← Back to context

Comment by rounakdatta

2 years ago

I just tried out a vision reasoning task: https://g.co/bard/share/e8ed970d1cd7 and it hallucinated. Hello Deepmind, are you taking notes?

6 comments

rounakdatta

Reply

onlyrealcuzzo 2 years ago

Is this something we really expect AI to get right with high accuracy with an image like that?

For one, there's a huge dark line that isn't even clear to me what it is and what that means for street crossings.

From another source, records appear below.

(* For $z\in\{z\in\mathbb{C}:|\arg(z)|<\pi\}$, \[ {}_2F_2\left(\begin{matrix}1,&1\\3,&z+2\end{matrix};z\right)=\frac{2(z+1)}{z^2}\left(1+z-\frac{\gamma(z,z)}{z^{z-1}e^{-z}}\right). \] In particular, for every positive integer $n$, \[ {}_2F_2\left(\begin{matrix}1,&1\\3,&n+2\end{matrix};n\right)=\frac{2(n+1)}{n^2}\left(1+n-\frac{(n-1)!}{n^{n-1}}\left(e^n-\sum_{k=0}^{n-1}\frac{n^k}{k!}\right)\right). \]
   Context: ${}_pF_q$ denotes the generalized hypergeometric series $\sum_{k\ge0}\frac{(a_1)_k\cdots(a_p)_k}{(b_1)_k\cdots(b_q)_k}\frac{x^k}{k!}$, with $(a)_k$ the Pochhammer symbol. $\gamma(s,x)=\int_0^x t^{s-1}e^{-t}\,dt$ is the lower incomplete gamma function; $z^{z-1}$ uses the principal branch. *)

theory Defs
  imports "HOL-Complex_Analysis.Complex_Analysis"
begin

definition hypergeom :: "'a::real_normed_field list \<Rightarrow> 'a list \<Rightarrow> 'a \<Rightarrow> 'a" where
  "hypergeom as bs x =
     (\<Sum>k. (\<Prod>a\<leftarrow>as. pochhammer a k) / (\<Prod>b\<leftarrow>bs. pochhammer b k) * x ^ k / fact k)"

text \<open>Lower incomplete gamma function: for Re s > 0 the integral of t powr (s-1) * exp(-t)
  along the segment from 0 to x (principal branch); for Re s \<le> 0 the standard analytic
  continuation in s via the recurrence gamma(s,x) = (gamma(s+1,x) + x^s e^(-x)) / s.\<close>
fun lower_gamma_aux :: "nat \<Rightarrow> complex \<Rightarrow> complex \<Rightarrow> complex" where
  "lower_gamma_aux 0 s x = contour_integral (linepath 0 x) (\<lambda>t. t powr (s - 1) * exp (- t))"
| "lower_gamma_aux (Suc n) s x = (lower_gamma_aux n (s + 1) x + x powr s * exp (- x)) / s"

definition lower_gamma :: "complex \<Rightarrow> complex \<Rightarrow> complex" where
  "lower_gamma s x =
     (if Re s > 0 then lower_gamma_aux 0 s x
      else lower_gamma_aux (nat (\<lfloor>- Re s\<rfloor> + 1)) s x)"

end

theory Submission
  imports Defs
begin

text \<open>Write \<open>P(s, w) = \<Sum>\<^sub>k w^k / (s)\<^sub>k\<^sub>+\<^sub>1\<close>. For \<open>Re s > 0\<close> the function
  \<open>w^s e^(-w) P(s, w)\<close> is a primitive of \<open>w^(s-1) e^(-w)\<close> vanishing at \<open>0\<close>, because \<open>P\<close>
  solves \<open>s P + w P' = 1 + w P\<close>; hence \<open>\<gamma>(s, x) = x^s e^(-x) P(s, x)\<close>. The recurrence
  \<open>s P(s, x) = 1 + x P(s + 1, x)\<close> is the one by which \<open>\<gamma>\<close> is continued to \<open>Re s \<le> 0\<close>, so this
  holds for all \<open>s\<close>. On the other side, the terms \<open>2 z^k / ((k + 1) (k + 2) (z + 2)\<^sub>k)\<close> of the
  hypergeometric series telescope, leaving \<open>2 - 2 P(z + 2, z)\<close>, and two steps of the recurrence
  express this through \<open>z P(z, z) = \<gamma>(z, z) / (z^(z-1) e^(-z))\<close>. For a positive integer \<open>n\<close>,
  \<open>x^n P(n, x) / (n - 1)!\<close> is the tail \<open>\<Sum>\<^sub>k\<^sub>\<ge>\<^sub>n x^k / k!\<close> of the exponential series.\<close>

lemma summable_of_ratio_over_linear:
  fixes f :: "nat \<Rightarrow> 'a::{real_normed_field,banach}"
  assumes ratio: "\<And>n. f (Suc n) = f n * (w / (c + of_nat n))"
  shows "summable f"
proof -
  obtain N :: nat where N: "real N \<ge> 2 * norm w + norm c + 1"
    using real_arch_simple by blast
  show ?thesis
  proof (rule summable_ratio_test[where c = "1/2" and N = N])
    fix n assume "N \<le> n"
    have "norm (c + of_nat n) \<ge> real n - norm c"
      using norm_triangle_ineq2[of "of_nat n" "-c"] by (simp add: add.commute)
    with \<open>N \<le> n\<close> N have "norm (c + of_nat n) \<ge> 2 * norm w + 1"
      by linarith
    then have "norm (w / (c + of_nat n)) \<le> 1/2"
      by (simp add: norm_divide divide_le_eq)
    then have "norm (f n) * norm (w / (c + of_nat n)) \<le> norm (f n) * (1/2)"
      by (rule mult_left_mono) simp
    then show "norm (f (Suc n)) \<le> 1/2 * norm (f n)"
      by (simp only: ratio norm_mult mult.commute)
  qed simp
qed

definition lower_gamma_coeff :: "'a::field_char_0 \<Rightarrow> nat \<Rightarrow> 'a" where
  "lower_gamma_coeff s k = 1 / pochhammer s (Suc k)"

definition lower_gamma_series :: "'a::{real_normed_field,banach} \<Rightarrow> 'a \<Rightarrow> 'a" where
  "lower_gamma_series s w = (\<Sum>k. lower_gamma_coeff s k * w ^ k)"

lemma summable_lower_gamma_series:
  fixes s w :: "'a::{real_normed_field,banach}"
  shows "summable (\<lambda>k. lower_gamma_coeff s k * w ^ k)"
proof (rule summable_of_ratio_over_linear[where w = w and c = "s + 1"])
  fix m
  show "lower_gamma_coeff s (Suc m) * w ^ Suc m = lower_gamma_coeff s m * w ^ m * (w / (s + 1 + of_nat m))"
    by (simp add: lower_gamma_coeff_def pochhammer_Suc[of s "Suc m"] add_ac times_divide_times_eq mult_ac)
qed

lemma lower_gamma_series_sums:
  fixes s w :: "'a::{real_normed_field,banach}"
  shows "(\<lambda>k. lower_gamma_coeff s k * w ^ k) sums lower_gamma_series s w"
  unfolding lower_gamma_series_def using summable_lower_gamma_series by (rule summable_sums)

lemma lower_gamma_series_shift_sums:
  fixes s w :: "'a::{real_normed_field,banach}"
  shows "(\<lambda>k. w ^ Suc k / pochhammer s (Suc k)) sums (w * lower_gamma_series s w)"
  using sums_mult[OF lower_gamma_series_sums, of w s w]
  by (simp add: lower_gamma_coeff_def mult_ac)

lemma lower_gamma_series_rec:
  fixes s x :: "'a::{real_normed_field,banach}"
  assumes "s \<noteq> 0"
  shows "s * lower_gamma_series s x = 1 + x * lower_gamma_series (s + 1) x"
proof -
  have "(\<lambda>k. x ^ k / pochhammer (s + 1) k) sums (x * lower_gamma_series (s + 1) x + 1)"
    using lower_gamma_series_shift_sums[of x "s + 1"] by (subst (asm) sums_Suc_iff) simp
  moreover have "x ^ k / pochhammer (s + 1) k = s * (lower_gamma_coeff s k * x ^ k)" for k
    using assms by (simp add: lower_gamma_coeff_def pochhammer_rec)
  ultimately have "(\<lambda>k. s * (lower_gamma_coeff s k * x ^ k)) sums (x * lower_gamma_series (s + 1) x + 1)"
    by simp
  then show ?thesis
    using sums_mult[OF lower_gamma_series_sums, of s s x] sums_unique2 by (simp add: add.commute)
qed

lemma lower_gamma_series_ode:
  fixes s w :: "'a::{real_normed_field,banach}"
  assumes s: "s \<notin> \<int>\<^sub>\<le>\<^sub>0"
  shows "s * lower_gamma_series s w + w * (\<Sum>k. diffs (lower_gamma_coeff s) k * w ^ k)
           = 1 + w * lower_gamma_series s w"
proof -
  define P' where "P' = (\<Sum>k. diffs (lower_gamma_coeff s) k * w ^ k)"
  have "(\<lambda>k. diffs (lower_gamma_coeff s) k * w ^ k) sums P'"
    unfolding P'_def by (intro summable_sums termdiff_converges_all summable_lower_gamma_series)
  from sums_mult[OF this, of w]
  have "(\<lambda>k. of_nat k * lower_gamma_coeff s k * w ^ k) sums (w * P')"
    using sums_Suc_iff[of "\<lambda>k. of_nat k * lower_gamma_coeff s k * w ^ k" "w * P'"]
    by (simp add: diffs_def mult_ac)
  from sums_add[OF sums_mult[OF lower_gamma_series_sums, of s] this]
  have "(\<lambda>k. s * (lower_gamma_coeff s k * w ^ k) + of_nat k * lower_gamma_coeff s k * w ^ k)
          sums (s * lower_gamma_series s w + w * P')" .
  moreover have "s * (lower_gamma_coeff s k * w ^ k) + of_nat k * lower_gamma_coeff s k * w ^ k
                   = w ^ k / pochhammer s k" for k
  proof -
    have "pochhammer s k \<noteq> 0" "s + of_nat k \<noteq> 0"
      using s pochhammer_eq_0_imp_nonpos_Int plus_of_nat_eq_0_imp by blast+
    then have "(s + of_nat k) * lower_gamma_coeff s k * w ^ k = w ^ k / pochhammer s k"
      by (simp add: lower_gamma_coeff_def pochhammer_Suc)
    then show ?thesis
      by (simp add: algebra_simps)
  qed
  moreover have "(\<lambda>k. w ^ k / pochhammer s k) sums (1 + w * lower_gamma_series s w)"
    using lower_gamma_series_shift_sums[of w s] by (subst (asm) sums_Suc_iff) (simp add: add.commute)
  ultimately show ?thesis
    unfolding P'_def[symmetric] using sums_unique2 by simp
qed

lemma has_field_derivative_lower_gamma_series:
  fixes s w :: "'a::{real_normed_field,banach}"
  shows "(lower_gamma_series s has_field_derivative (\<Sum>k. diffs (lower_gamma_coeff s) k * w ^ k)) (at w)"
  unfolding lower_gamma_series_def[abs_def]
  by (intro termdiffs_strong_converges_everywhere summable_lower_gamma_series)

lemma continuous_on_lower_gamma_series [continuous_intros]:
  fixes s :: "'a::{real_normed_field,banach}"
  shows "continuous_on A f \<Longrightarrow> continuous_on A (\<lambda>x. lower_gamma_series s (f x))"
  by (rule continuous_on_compose2[of UNIV])
     (auto intro!: continuous_at_imp_continuous_on DERIV_isCont has_field_derivative_lower_gamma_series)

lemma powr_eq_mult_powr_diff_one:
  fixes w s :: complex
  assumes "w \<noteq> 0"
  shows "w powr s = w * w powr (s - 1)"
  using assms by (metis diff_add_cancel mult.commute powr_add powr_to_1)

lemma has_field_derivative_lower_gamma_primitive:
  fixes s w :: complex
  assumes w: "w \<notin> \<real>\<^sub>\<le>\<^sub>0" and s: "s \<notin> \<int>\<^sub>\<le>\<^sub>0"
  shows "((\<lambda>w. w powr s * exp (- w) * lower_gamma_series s w)
           has_field_derivative w powr (s - 1) * exp (- w)) (at w)"
proof -
  define P where "P = lower_gamma_series s w"
  define P' where "P' = (\<Sum>k. diffs (lower_gamma_coeff s) k * w ^ k)"
  have "w \<noteq> 0"
    using w by auto
  have "((\<lambda>w. w powr s * exp (- w) * lower_gamma_series s w) has_field_derivative
          w powr s * exp (- w) * P' + (w powr s * - exp (- w) + s * w powr (s - 1) * exp (- w)) * P) (at w)"
    (is "(_ has_field_derivative ?D) _")
    unfolding P_def P'_def
    by (intro DERIV_mult' has_field_derivative_powr[OF w] has_field_derivative_lower_gamma_series
          derivative_eq_intros) auto
  moreover have "?D = w powr (s - 1) * exp (- w) * (s * P + w * P' - w * P)"
    using powr_eq_mult_powr_diff_one[OF \<open>w \<noteq> 0\<close>, of s] by (simp add: algebra_simps)
  moreover have "s * P + w * P' = 1 + w * P"
    unfolding P_def P'_def by (rule lower_gamma_series_ode[OF s])
  ultimately show ?thesis
    by simp
qed

lemma lower_gamma_aux_0_eq_series:
  assumes x: "x \<notin> \<real>\<^sub>\<le>\<^sub>0" and s: "Re s > 0"
  shows "lower_gamma_aux 0 s x = x powr s * exp (- x) * lower_gamma_series s x"
proof -
  define G where "G w = w powr s * exp (- w) * lower_gamma_series s w" for w
  have s_nonpos_Int: "s \<notin> \<int>\<^sub>\<le>\<^sub>0"
    using s nonpos_Ints_subset_nonpos_Reals by (auto simp: complex_nonpos_Reals_iff)
  have ux: "of_real u * x \<notin> \<real>\<^sub>\<le>\<^sub>0" if "u > 0" for u :: real
    using x that by (auto simp: complex_nonpos_Reals_iff mult_le_0_iff)
  have "(G \<circ> (\<lambda>u. of_real u * x) has_vector_derivative
          (of_real u * x) powr (s - 1) * exp (- (of_real u * x)) * x) (at u)"
    if "u \<in> {0<..<1}" for u :: real
  proof -
    have "u > 0" using that by simp
    have "((\<lambda>y. y * x) has_field_derivative x) (at (of_real u))"
      by (auto intro!: derivative_eq_intros)
    from DERIV_chain2[OF has_field_derivative_lower_gamma_primitive[OF ux[OF \<open>u > 0\<close>] s_nonpos_Int] this]
    have "((\<lambda>y. G (y * x)) has_field_derivative
            (of_real u * x) powr (s - 1) * exp (- (of_real u * x)) * x) (at (of_real u))"
      unfolding G_def .
    from has_vector_derivative_real_field[OF this] show ?thesis
      by (simp add: o_def)
  qed
  moreover have "continuous_on {0..1} (G \<circ> (\<lambda>u. of_real u * x))"
    unfolding G_def o_def using x s
    by (intro continuous_intros continuous_on_powr_complex)
       (auto simp: complex_nonpos_Reals_iff)
  ultimately have "((\<lambda>u. (of_real u * x) powr (s - 1) * exp (- (of_real u * x)) * x)
                      has_integral G x - G 0) {0..1}"
    using fundamental_theorem_of_calculus_interior[of 0 1 "G \<circ> (\<lambda>u. of_real u * x)"] by simp
  then have "((\<lambda>t. t powr (s - 1) * exp (- t)) has_contour_integral G x) (linepath 0 x)"
    unfolding has_contour_integral_linepath by (simp add: linepath_def scaleR_conv_of_real G_def)
  then show ?thesis
    by (simp add: contour_integral_unique G_def)
qed

lemma lower_gamma_aux_eq_series:
  assumes x: "x \<notin> \<real>\<^sub>\<le>\<^sub>0"
    and "s \<notin> \<int>\<^sub>\<le>\<^sub>0" and "Re s + of_nat n > 0"
  shows "lower_gamma_aux n s x = x powr s * exp (- x) * lower_gamma_series s x"
  using assms(2,3)
proof (induction n arbitrary: s)
  case 0
  then show ?case using lower_gamma_aux_0_eq_series[OF x] by simp
next
  case (Suc n)
  have "s \<noteq> 0" "s + 1 \<notin> \<int>\<^sub>\<le>\<^sub>0"
    using Suc.prems(1) plus_one_in_nonpos_Ints_imp by auto
  have "lower_gamma_aux (Suc n) s x
          = (x powr (s + 1) * exp (- x) * lower_gamma_series (s + 1) x + x powr s * exp (- x)) / s"
    using Suc.IH[of "s + 1"] \<open>s + 1 \<notin> \<int>\<^sub>\<le>\<^sub>0\<close> Suc.prems(2) by simp
  also have "\<dots> = x powr s * exp (- x) * ((1 + x * lower_gamma_series (s + 1) x) / s)"
    by (simp add: powr_add add_divide_distrib algebra_simps)
  also have "(1 + x * lower_gamma_series (s + 1) x) / s = lower_gamma_series s x"
    using lower_gamma_series_rec[OF \<open>s \<noteq> 0\<close>] \<open>s \<noteq> 0\<close> by (simp add: field_simps)
  finally show ?case .
qed

lemma lower_gamma_eq_series:
  assumes "x \<notin> \<real>\<^sub>\<le>\<^sub>0" and "s \<notin> \<int>\<^sub>\<le>\<^sub>0"
  shows "lower_gamma s x = x powr s * exp (- x) * lower_gamma_series s x"
proof (cases "Re s > 0")
  case True
  then show ?thesis
    using lower_gamma_aux_eq_series[OF assms, of 0] by (simp add: lower_gamma_def)
next
  case False
  have "Re s + of_nat (nat (\<lfloor>- Re s\<rfloor> + 1)) > 0"
    using False by linarith
  then show ?thesis
    using lower_gamma_aux_eq_series[OF assms] False by (simp add: lower_gamma_def)
qed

I am definitely not confident I could answer that question correctly.

rounakdatta 2 years ago
The answer Bard gave is not even very coherent. Very similar results with GPT-4V as well. This makes me very cusrious how exactly do these models "see". Are they intelligently following the route starting from one point all along, or are they just tracing it top-to-bottom-left-to-right? Seemingly, latter is the case.
I expected that the AI would be able to understand that say taking a right turn from a straight road to another sub-road definitely involves crossing (since I specified that one is running on the left of the road). And try answering along those lines.
- onlyrealcuzzo 2 years ago
  
  Maybe a heavily fine-tuned image AI would get this right.
  I don't see a world in which a general model like GPT or Gemini gets stuff like this correct with high accuracy any time soon.

jeffbee 2 years ago

It's not at all clear what model you're getting from Bard right now.

abeppu 2 years ago
... though that is itself a concern with Bard right?
- jeffbee 2 years ago
  
  Sure, to some extent. It's inside baseball for 99% of users but for the few who care or are curious there should be a "stats for nerds" button.
  Edited: now Bard is showing me a banner that says it is Gemini Pro.